Gov Gretchen Whitmer detailed a plan Thursday that will allow an estimated 625,000 essential workers in Michigan who put in time during the height of the COVID-19 lockdown and don’t have a degree to be eligible for free college!
The plan is available to those who work in the medical field, along with people who worked in manufacturing, nursing homes, grocery stores, sanitation, delivery, retail and more.
Note: The free college is currently limited to community colleges.
To be eligible for the program, an applicant must:
- Be a Michigan resident
- Have worked in an essential industry at least part-time for 11 of the 13 weeks between April 1 — June 30
- Have been required to work outside the home at least some of the time between April 1 — June 30
- Not have previously earned an associate or bachelor’s degree
- Not be in default on a federal student loan
- Complete a Futures for Frontliners scholarship application by 11:59 p.m. Dec. 31
Frontline workers can visit www.michigan.gov/Frontliners to check out career opportunities, a list of local community colleges, and to get started on their application.
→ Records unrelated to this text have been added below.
definition w_open :: "'a topology \<Rightarrow> 'a set \<Rightarrow> bool" where
  "w_open T A \<longleftrightarrow> A \<subseteq> topspace T \<and> w_closed T (topspace T - A)"

definition h_closed :: "'a topology \<Rightarrow> 'a set \<Rightarrow> bool" where
  "h_closed T A \<longleftrightarrow> A \<subseteq> topspace T \<and>
     (\<forall>U. w_open T U \<and> A \<subseteq> U \<longrightarrow> scl T A \<subseteq> U)"

definition h_cl :: "'a topology \<Rightarrow> 'a set \<Rightarrow> 'a set" where
  "h_cl T A = \<Inter> {F. h_closed T F \<and> A \<subseteq> F}"

definition alpha_star_set :: "'a topology \<Rightarrow> 'a set \<Rightarrow> bool" where
  "alpha_star_set T A \<longleftrightarrow> A \<subseteq> topspace T \<and>
     T interior_of (T closure_of (T interior_of A)) = T interior_of A"

definition C_set :: "'a topology \<Rightarrow> 'a set \<Rightarrow> bool" where
  "C_set T A \<longleftrightarrow> (\<exists>U V. openin T U \<and> alpha_star_set T V \<and> A = U \<inter> V)"

definition hCg_closed :: "'a topology \<Rightarrow> 'a set \<Rightarrow> bool" where
  "hCg_closed T A \<longleftrightarrow> A \<subseteq> topspace T \<and>
     (\<forall>U. C_set T U \<and> A \<subseteq> U \<longrightarrow> h_cl T A \<subseteq> U)"
(* There exists $n \geq 1$ such that the set of PC prographs of size $n$, ordered by $P \leq Q$ if $Q$ can be obtained from $P$ by a finite (possibly empty) sequence of the four rotations, is a poset that is not a lattice.
   Context: A PC prograph of size $n$ is a finite connected directed acyclic graph embedded in the plane (up to isotopy), drawn so that all edges go upward, whose $2n$ vertices are $n$ coproducts (one incoming edge, two outgoing edges distinguished as left and right) and $n$ products (two incoming edges distinguished as left and right, one outgoing edge); exactly one coproduct has its incoming slot unconnected (global input, at the bottom) and exactly one product has its outgoing slot unconnected (global output, at the top); all other slots are joined by edges. The four rotations are local rewritings of a configuration of two adjacent operators; in each, the boundary edges of the configuration, ordered left to right among inputs and among outputs, are reattached in the same order. Writing $\mu$ for a product, $\Delta$ for a coproduct, and composing configurations from bottom to top as in string diagrams: (1) $(\mathrm{id}\otimes\Delta)\circ\Delta \to (\Delta\otimes\mathrm{id})\circ\Delta$ (a coproduct on the right output of a coproduct becomes a coproduct on the left output of a coproduct); (2) $\mu\circ(\mu\otimes\mathrm{id}) \to \mu\circ(\mathrm{id}\otimes\mu)$; (3) $(\mu\otimes\mathrm{id})\circ(\mathrm{id}\otimes\Delta) \to \Delta\circ\mu$ (a coproduct whose left output enters the right input of a product, with two inputs and two outputs, becomes a product whose output enters a coproduct); (4) $\Delta\circ\mu \to (\mathrm{id}\otimes\mu)\circ(\Delta\otimes\mathrm{id})$ (a product whose output enters a coproduct becomes a coproduct whose right output enters the left input of a product). *)

theory Defs
  imports "HOL-Algebra.Lattice"
begin

text \<open>PC prographs as planar string diagrams (morphisms 1 -> 1 of the free PRO
generated by a product Mu : 2 -> 1 and a coproduct De : 1 -> 2), modulo planar isotopy.
A diagram is a word of elementary layers, read from bottom to top; a layer (g, i)
applies generator g to the wires i, i+1, ... (wires numbered from 0, left to right),
all other wires passing through.  Planar isotopy of such diagrams is the equivalence
generated by interchanging two consecutive layers acting on disjoint sets of wires.\<close>

datatype gen = Mu | De

fun ins :: "gen \<Rightarrow> nat" where
  "ins Mu = 2" | "ins De = 1"

fun outs :: "gen \<Rightarrow> nat" where
  "outs Mu = 1" | "outs De = 2"

type_synonym layer = "gen \<times> nat"
type_synonym diagram = "layer list"

fun valid :: "diagram \<Rightarrow> nat \<Rightarrow> bool" where
  "valid [] k = True"
| "valid ((g, i) # w) k = (i + ins g \<le> k \<and> valid w (k - ins g + outs g))"

fun nout :: "diagram \<Rightarrow> nat \<Rightarrow> nat" where
  "nout [] k = k"
| "nout ((g, i) # w) k = nout w (k - ins g + outs g)"

definition count_gen :: "gen \<Rightarrow> diagram \<Rightarrow> nat" where
  "count_gen g w = length (filter (\<lambda>l. fst l = g) w)"

definition prograph_word :: "nat \<Rightarrow> diagram \<Rightarrow> bool" where
  "prograph_word n w \<longleftrightarrow> valid w 1 \<and> nout w 1 = 1
     \<and> count_gen Mu w = n \<and> count_gen De w = n"

inductive interchange :: "diagram \<Rightarrow> diagram \<Rightarrow> bool" where
  "j \<ge> i + outs g1 \<Longrightarrow>
   interchange (u @ [(g1, i), (g2, j)] @ v) (u @ [(g2, j - outs g1 + ins g1), (g1, i)] @ v)"

definition isotopic :: "diagram \<Rightarrow> diagram \<Rightarrow> bool" where
  "isotopic = (sup interchange (interchange\<inverse>\<inverse>))\<^sup>*\<^sup>*"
The program is a $24 million investment funded by Governor’s Education Emergency Relief Fund — part of the federal CARES Act.
“This initiative is Michigan’s way of expressing gratitude to essential workers for protecting public health and keeping our state running,” Whitmer said in a statement prior to a news conference. “Whether it was stocking shelves, delivering supplies, picking up trash, manufacturing PPE or providing medical care, you were there for us. Now this is your chance to pursue the degree or training you’ve been dreaming about to help you and your own family succeed.”
Whitmer has been working to increase the percentage of Michigan adults who have some sort of post-high school credential or degree, from 45% to 60%, by 2030.